■ Exercise objective: Examine the material below. Gather every line in which the string "neighbour" appears.

(The input)

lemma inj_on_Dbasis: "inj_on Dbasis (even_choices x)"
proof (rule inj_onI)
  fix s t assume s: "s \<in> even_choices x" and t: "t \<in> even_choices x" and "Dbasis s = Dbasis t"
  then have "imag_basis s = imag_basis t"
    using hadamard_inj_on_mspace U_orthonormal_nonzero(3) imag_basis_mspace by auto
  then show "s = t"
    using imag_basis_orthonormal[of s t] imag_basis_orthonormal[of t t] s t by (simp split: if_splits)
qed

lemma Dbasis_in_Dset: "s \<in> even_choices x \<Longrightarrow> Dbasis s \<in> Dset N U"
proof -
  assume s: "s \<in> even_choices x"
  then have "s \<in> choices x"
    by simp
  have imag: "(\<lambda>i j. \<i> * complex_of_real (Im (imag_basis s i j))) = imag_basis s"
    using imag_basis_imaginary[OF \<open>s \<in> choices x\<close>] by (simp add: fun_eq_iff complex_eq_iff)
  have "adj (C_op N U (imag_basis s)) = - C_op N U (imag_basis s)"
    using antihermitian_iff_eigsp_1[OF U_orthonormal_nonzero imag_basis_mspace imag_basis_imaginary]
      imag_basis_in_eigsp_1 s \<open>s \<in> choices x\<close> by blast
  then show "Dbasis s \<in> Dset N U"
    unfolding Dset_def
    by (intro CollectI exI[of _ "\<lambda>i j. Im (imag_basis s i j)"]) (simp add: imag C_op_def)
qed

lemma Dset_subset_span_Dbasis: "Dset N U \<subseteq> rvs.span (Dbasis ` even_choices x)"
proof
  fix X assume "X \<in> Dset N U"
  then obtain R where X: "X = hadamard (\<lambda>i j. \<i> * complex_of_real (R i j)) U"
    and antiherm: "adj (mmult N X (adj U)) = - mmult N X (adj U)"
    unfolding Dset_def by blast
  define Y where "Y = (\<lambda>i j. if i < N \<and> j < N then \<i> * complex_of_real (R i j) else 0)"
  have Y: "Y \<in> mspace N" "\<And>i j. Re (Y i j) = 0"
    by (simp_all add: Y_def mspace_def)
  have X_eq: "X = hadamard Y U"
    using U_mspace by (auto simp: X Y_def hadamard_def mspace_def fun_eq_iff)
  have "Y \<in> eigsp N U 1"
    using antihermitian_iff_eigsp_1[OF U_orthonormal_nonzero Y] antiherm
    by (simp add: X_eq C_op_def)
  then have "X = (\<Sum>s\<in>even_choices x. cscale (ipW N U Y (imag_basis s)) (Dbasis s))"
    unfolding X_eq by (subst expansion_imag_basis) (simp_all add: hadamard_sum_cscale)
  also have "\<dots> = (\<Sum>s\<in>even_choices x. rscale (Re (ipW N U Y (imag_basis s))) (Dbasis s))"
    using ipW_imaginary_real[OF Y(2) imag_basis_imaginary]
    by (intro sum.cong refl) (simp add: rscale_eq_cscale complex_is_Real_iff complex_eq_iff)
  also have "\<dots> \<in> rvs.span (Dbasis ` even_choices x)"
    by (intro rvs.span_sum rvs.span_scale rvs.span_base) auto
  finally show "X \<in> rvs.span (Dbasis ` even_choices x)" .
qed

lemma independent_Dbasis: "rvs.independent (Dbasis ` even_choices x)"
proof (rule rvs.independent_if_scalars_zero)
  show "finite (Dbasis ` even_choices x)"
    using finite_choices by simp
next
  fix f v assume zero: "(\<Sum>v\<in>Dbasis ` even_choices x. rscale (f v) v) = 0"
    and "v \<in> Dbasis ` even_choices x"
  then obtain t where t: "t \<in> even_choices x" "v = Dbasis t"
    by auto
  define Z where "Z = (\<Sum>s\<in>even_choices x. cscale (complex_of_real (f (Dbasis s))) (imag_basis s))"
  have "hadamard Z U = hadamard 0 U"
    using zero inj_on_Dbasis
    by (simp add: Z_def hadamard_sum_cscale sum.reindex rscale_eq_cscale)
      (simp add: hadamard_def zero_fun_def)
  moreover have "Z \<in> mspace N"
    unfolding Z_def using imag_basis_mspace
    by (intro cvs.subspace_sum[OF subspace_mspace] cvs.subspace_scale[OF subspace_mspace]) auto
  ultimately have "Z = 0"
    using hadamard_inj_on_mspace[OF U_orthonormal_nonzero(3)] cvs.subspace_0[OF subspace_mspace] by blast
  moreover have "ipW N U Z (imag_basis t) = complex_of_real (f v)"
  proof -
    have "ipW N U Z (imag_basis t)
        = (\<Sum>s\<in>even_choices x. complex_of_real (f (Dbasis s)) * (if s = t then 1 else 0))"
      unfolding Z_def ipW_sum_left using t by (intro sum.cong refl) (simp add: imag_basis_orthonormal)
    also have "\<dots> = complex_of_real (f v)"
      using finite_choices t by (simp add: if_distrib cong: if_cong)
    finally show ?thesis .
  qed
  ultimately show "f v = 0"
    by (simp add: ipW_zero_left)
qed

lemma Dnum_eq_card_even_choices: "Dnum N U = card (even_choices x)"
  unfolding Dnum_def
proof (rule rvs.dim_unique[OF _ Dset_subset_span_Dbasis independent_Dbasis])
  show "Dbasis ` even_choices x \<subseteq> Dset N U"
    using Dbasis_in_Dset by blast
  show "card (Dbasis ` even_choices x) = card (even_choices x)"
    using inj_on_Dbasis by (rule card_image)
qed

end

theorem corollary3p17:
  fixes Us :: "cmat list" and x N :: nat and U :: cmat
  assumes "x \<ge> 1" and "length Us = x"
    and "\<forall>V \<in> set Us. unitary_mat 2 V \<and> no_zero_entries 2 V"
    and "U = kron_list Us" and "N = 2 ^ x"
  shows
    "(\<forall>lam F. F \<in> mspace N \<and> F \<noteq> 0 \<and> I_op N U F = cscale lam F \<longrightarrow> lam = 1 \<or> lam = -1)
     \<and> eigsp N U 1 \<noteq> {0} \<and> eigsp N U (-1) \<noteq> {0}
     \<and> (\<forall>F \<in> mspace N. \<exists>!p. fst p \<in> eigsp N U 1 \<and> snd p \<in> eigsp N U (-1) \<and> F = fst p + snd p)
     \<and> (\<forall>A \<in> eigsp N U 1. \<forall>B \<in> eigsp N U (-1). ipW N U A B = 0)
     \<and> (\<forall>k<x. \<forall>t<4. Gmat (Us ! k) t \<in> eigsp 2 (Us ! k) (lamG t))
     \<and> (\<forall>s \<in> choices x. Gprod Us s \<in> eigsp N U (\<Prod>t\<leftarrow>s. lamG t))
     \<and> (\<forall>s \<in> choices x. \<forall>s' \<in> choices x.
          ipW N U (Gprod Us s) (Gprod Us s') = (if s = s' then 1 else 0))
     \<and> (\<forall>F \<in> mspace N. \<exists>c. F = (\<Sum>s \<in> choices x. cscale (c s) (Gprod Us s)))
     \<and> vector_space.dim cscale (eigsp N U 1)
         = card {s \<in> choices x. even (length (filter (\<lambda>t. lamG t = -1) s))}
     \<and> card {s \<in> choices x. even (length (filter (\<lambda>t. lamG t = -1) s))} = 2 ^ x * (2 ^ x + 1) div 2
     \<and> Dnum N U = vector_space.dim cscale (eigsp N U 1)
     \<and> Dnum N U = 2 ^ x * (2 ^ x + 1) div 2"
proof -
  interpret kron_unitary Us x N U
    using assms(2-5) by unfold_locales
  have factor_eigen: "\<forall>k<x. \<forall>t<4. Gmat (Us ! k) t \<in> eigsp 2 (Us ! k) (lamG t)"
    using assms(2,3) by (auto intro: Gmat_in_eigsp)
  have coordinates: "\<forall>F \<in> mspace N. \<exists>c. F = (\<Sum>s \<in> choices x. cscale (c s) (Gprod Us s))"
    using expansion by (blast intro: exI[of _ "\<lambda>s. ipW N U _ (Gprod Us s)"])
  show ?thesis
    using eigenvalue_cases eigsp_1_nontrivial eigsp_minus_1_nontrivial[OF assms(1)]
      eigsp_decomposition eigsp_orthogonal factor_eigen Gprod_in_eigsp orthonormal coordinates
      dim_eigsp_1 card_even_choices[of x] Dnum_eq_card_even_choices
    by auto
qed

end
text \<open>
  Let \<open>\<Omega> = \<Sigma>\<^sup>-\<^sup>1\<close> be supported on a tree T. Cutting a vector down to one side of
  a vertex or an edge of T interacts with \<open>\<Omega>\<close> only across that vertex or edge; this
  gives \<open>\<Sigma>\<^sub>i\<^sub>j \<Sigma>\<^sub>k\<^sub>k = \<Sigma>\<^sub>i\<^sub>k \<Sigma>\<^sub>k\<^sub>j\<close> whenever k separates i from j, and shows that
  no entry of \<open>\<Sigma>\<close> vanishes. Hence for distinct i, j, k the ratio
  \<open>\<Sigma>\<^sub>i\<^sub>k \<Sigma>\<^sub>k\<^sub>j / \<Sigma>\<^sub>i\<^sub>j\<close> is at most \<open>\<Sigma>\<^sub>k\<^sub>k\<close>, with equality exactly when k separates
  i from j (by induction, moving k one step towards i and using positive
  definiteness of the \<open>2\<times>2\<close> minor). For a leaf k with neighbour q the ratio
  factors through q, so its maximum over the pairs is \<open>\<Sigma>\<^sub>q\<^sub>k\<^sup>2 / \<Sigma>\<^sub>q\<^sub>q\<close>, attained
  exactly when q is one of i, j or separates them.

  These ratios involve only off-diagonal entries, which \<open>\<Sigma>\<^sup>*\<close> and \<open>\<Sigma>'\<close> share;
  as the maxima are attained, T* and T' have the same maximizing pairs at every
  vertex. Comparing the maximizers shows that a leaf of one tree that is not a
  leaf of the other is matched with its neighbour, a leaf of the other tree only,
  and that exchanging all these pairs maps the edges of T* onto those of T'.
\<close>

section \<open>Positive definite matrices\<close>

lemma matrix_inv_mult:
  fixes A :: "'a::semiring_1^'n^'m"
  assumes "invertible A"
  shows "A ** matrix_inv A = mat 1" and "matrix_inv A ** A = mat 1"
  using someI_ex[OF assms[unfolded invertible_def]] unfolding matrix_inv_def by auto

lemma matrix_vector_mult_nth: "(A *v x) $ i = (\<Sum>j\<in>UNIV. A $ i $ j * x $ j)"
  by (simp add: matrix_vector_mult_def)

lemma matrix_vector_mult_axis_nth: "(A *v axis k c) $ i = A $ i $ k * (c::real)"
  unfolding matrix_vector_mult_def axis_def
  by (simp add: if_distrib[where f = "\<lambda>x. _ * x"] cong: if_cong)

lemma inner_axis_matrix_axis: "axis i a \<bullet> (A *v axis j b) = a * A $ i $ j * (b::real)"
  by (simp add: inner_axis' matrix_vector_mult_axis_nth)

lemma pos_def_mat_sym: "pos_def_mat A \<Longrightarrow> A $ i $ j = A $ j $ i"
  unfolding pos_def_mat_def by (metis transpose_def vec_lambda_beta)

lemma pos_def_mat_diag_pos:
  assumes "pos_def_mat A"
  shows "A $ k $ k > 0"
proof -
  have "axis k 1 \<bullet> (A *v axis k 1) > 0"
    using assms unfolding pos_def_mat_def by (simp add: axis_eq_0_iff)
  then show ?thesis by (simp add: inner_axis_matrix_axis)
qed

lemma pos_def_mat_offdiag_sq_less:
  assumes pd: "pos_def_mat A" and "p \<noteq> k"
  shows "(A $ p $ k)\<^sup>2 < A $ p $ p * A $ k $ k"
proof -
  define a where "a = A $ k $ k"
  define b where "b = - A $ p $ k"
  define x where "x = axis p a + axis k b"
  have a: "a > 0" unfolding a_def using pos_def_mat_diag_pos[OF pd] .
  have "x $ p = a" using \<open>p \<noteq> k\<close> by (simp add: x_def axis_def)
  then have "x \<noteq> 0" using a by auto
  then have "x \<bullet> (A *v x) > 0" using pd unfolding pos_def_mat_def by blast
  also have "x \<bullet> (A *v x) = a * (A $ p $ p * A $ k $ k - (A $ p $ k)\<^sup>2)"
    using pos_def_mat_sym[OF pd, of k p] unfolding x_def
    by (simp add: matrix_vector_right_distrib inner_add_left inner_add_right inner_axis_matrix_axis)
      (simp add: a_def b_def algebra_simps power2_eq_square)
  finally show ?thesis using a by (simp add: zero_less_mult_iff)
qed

(End The input)

■ Task response:
  definiteness of the \<open>2\<times>2\<close> minor). For a leaf k with neighbour q the ratio
  leaf of the other is matched with its neighbour, a leaf of the other tree only,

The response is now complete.